lemma norm_f_kg_le:
  assumes k: "k > 0" and g: "- int k < g" "g \<le> int k"
  shows "cmod (f_kg k g u) \<le> 36 * h_gk g k"
proof (cases "(2 * int k) dvd g")
  case True
  have "g = 0"
  proof (rule ccontr)
    assume "g \<noteq> 0"
    with True have "2 * int k \<le> \<bar>g\<bar>"
      by (auto dest: dvd_imp_le_int)
    with g show False by linarith
  qed
  then have h: "h_gk g k = 1" by (simp add: h_gk_def)
  have "pi\<^sup>2 \<le> 16"
    using power_mono[of pi 4 2] pi_less_4 pi_gt_zero by simp
  moreover have "f_kg k g u
      = complex_of_real (pi\<^sup>2 / (sinh (pi * u / real k))\<^sup>2 - (real k)\<^sup>2 / u\<^sup>2)"
    unfolding f_kg_def using True by (subst if_not_P) auto
  ultimately show ?thesis
    using abs_pi_sq_div_sinh_sq_diff_le[of "real k" u] k by (simp only: h norm_of_real) simp
next
  case False
  then have "g \<noteq> 0" by auto
  define y where "y = pi * real_of_int g / (2 * real k)"
  have abs_y: "\<bar>y\<bar> = pi * \<bar>real_of_int g\<bar> / (2 * real k)"
    using k by (simp add: y_def abs_mult)
  have "\<bar>real_of_int g\<bar> \<le> real k" using g by linarith
  then have "\<bar>y\<bar> \<le> pi / 2"
    unfolding abs_y using k by (simp add: field_simps)
  then have denominator: "\<bar>y\<bar> / 3 \<le> cmod (sinh (complex_of_real (pi * u / real k) - \<i> * complex_of_real y))"
    using pi_less_4 by (intro norm_sinh_ge_abs_div_3) simp
  have "0 < \<bar>y\<bar> / 3"
    using \<open>g \<noteq> 0\<close> k by (simp add: y_def)
  have "cmod (f_kg k g u)
      = pi\<^sup>2 / (cmod (sinh (complex_of_real (pi * u / real k) - \<i> * complex_of_real y)))\<^sup>2"
    using False by (simp add: f_kg_def y_def norm_divide norm_power)
  also have "\<dots> \<le> pi\<^sup>2 / (\<bar>y\<bar> / 3)\<^sup>2"
    using denominator \<open>0 < \<bar>y\<bar> / 3\<close> by (intro divide_left_mono mult_pos_pos power_mono) auto
  also have "pi\<^sup>2 / (\<bar>y\<bar> / 3)\<^sup>2 = 36 * h_gk g k"
    using \<open>g \<noteq> 0\<close> k by (simp add: abs_y h_gk_def field_simps power_mult_distrib)
  finally show ?thesis .
qed

lemma borel_measurable_integrand_kg: "integrand_kg k g z \<in> borel_measurable (lebesgue_on UNIV)"
proof -
  have [measurable]: "(sinh :: complex \<Rightarrow> complex) \<in> borel_measurable borel"
    "(sinh :: real \<Rightarrow> real) \<in> borel_measurable borel"
    by (intro borel_measurable_continuous_onI continuous_intros)+
  have "f_kg k g \<in> borel_measurable borel"
    unfolding f_kg_def by (cases "2 * int k dvd g") simp_all
  then have "integrand_kg k g z \<in> borel_measurable borel"
    unfolding integrand_kg_def by measurable
  then show ?thesis
    unfolding lebesgue_on_UNIV_eq by (intro measurable_completion) simp
qed

lemma norm_exp_div_le:
  assumes k: "k > 0" and z: "Re (1 / z) \<ge> real k / 2" and c: "c \<le> 0"
  shows "cmod (exp (2 * complex_of_real pi * complex_of_real c / (of_nat k * z))) \<le> exp (c / 2)"
proof -
  have Re_scale: "Re (complex_of_real r * w) = r * Re w" for r w
    by simp
  have "2 * complex_of_real pi * complex_of_real c / (of_nat k * z)
      = complex_of_real (c * (2 * pi / real k)) * (1 / z)"
    by (simp add: field_simps)
  then have Re_eq: "Re (2 * complex_of_real pi * complex_of_real c / (of_nat k * z))
      = c * (2 * pi * Re (1 / z) / real k)"
    by (simp only: Re_scale) simp
  have "pi * real k \<le> 2 * pi * Re (1 / z)" using z by simp
  then have "pi \<le> 2 * pi * Re (1 / z) / real k"
    using k by (simp add: field_simps)
  then have "1 / 2 \<le> 2 * pi * Re (1 / z) / real k"
    using pi_gt3 by linarith
  from mult_left_mono_neg[OF this c]
  have "c * (2 * pi * Re (1 / z) / real k) \<le> c / 2"
    by simp
  then show ?thesis
    by (simp only: norm_exp_eq_Re Re_eq exp_le_cancel_iff)
qed

lemma norm_integrand_kg_le_gaussian:
  assumes k: "k > 0" and g: "- int k < g" "g \<le> int k" and z: "Re (1 / z) \<ge> real k / 2"
    and b: "b \<le> u\<^sup>2"
  shows "cmod (exp (2 * complex_of_real pi * complex_of_real b / (of_nat k * z)) * integrand_kg k g z u)
     \<le> 36 * h_gk g k * exp (b / 2) * exp (- u\<^sup>2 / 2)"
proof -
  have "exp (2 * complex_of_real pi * complex_of_real b / (of_nat k * z)) * integrand_kg k g z u
      = exp (2 * complex_of_real pi * complex_of_real (b - u\<^sup>2) / (of_nat k * z)) * f_kg k g u"
    by (simp add: integrand_kg_def mult_exp_exp diff_divide_distrib algebra_simps)
  then have "cmod (exp (2 * complex_of_real pi * complex_of_real b / (of_nat k * z)) * integrand_kg k g z u)
      = cmod (exp (2 * complex_of_real pi * complex_of_real (b - u\<^sup>2) / (of_nat k * z))) * cmod (f_kg k g u)"
    by (simp only: norm_mult)
  also have "\<dots> \<le> exp ((b - u\<^sup>2) / 2) * (36 * h_gk g k)"
    using b by (intro mult_mono norm_exp_div_le[OF k z] norm_f_kg_le[OF k g]) auto
  also have "exp ((b - u\<^sup>2) / 2) = exp (b / 2) * exp (- u\<^sup>2 / 2)"
    by (simp add: diff_divide_distrib flip: exp_add)
  finally show ?thesis
    by (simp only: mult_ac)
qed

lemma integrable_integrand_kg:
  assumes k: "k > 0" and g: "- int k < g" "g \<le> int k" and z: "Re (1 / z) \<ge> real k / 2"
  shows "integrand_kg k g z integrable_on UNIV"
proof (rule measurable_bounded_by_integrable_imp_integrable)
  show "integrand_kg k g z \<in> borel_measurable (lebesgue_on UNIV)"
    by (rule borel_measurable_integrand_kg)
  show "(\<lambda>u. 36 * h_gk g k * exp (- u\<^sup>2 / 2)) integrable_on UNIV"
    by (intro integrable_on_mult_right has_integral_integrable[OF has_integral_exp_neg_sq_half])
  show "norm (integrand_kg k g z u) \<le> 36 * h_gk g k * exp (- u\<^sup>2 / 2)" for u
    using norm_integrand_kg_le_gaussian[OF k g z, of 0 u] by simp
qed simp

**********

▶ _Task goal_
A verbatim transcription is required: the first line of the listing, the line containing "with True have", and every line between them.

▶ _Solved exercise_
lemma norm_f_kg_le:
  assumes k: "k > 0" and g: "- int k < g" "g \<le> int k"
  shows "cmod (f_kg k g u) \<le> 36 * h_gk g k"
proof (cases "(2 * int k) dvd g")
  case True
  have "g = 0"
  proof (rule ccontr)
    assume "g \<noteq> 0"
    with True have "2 * int k \<le> \<bar>g\<bar>"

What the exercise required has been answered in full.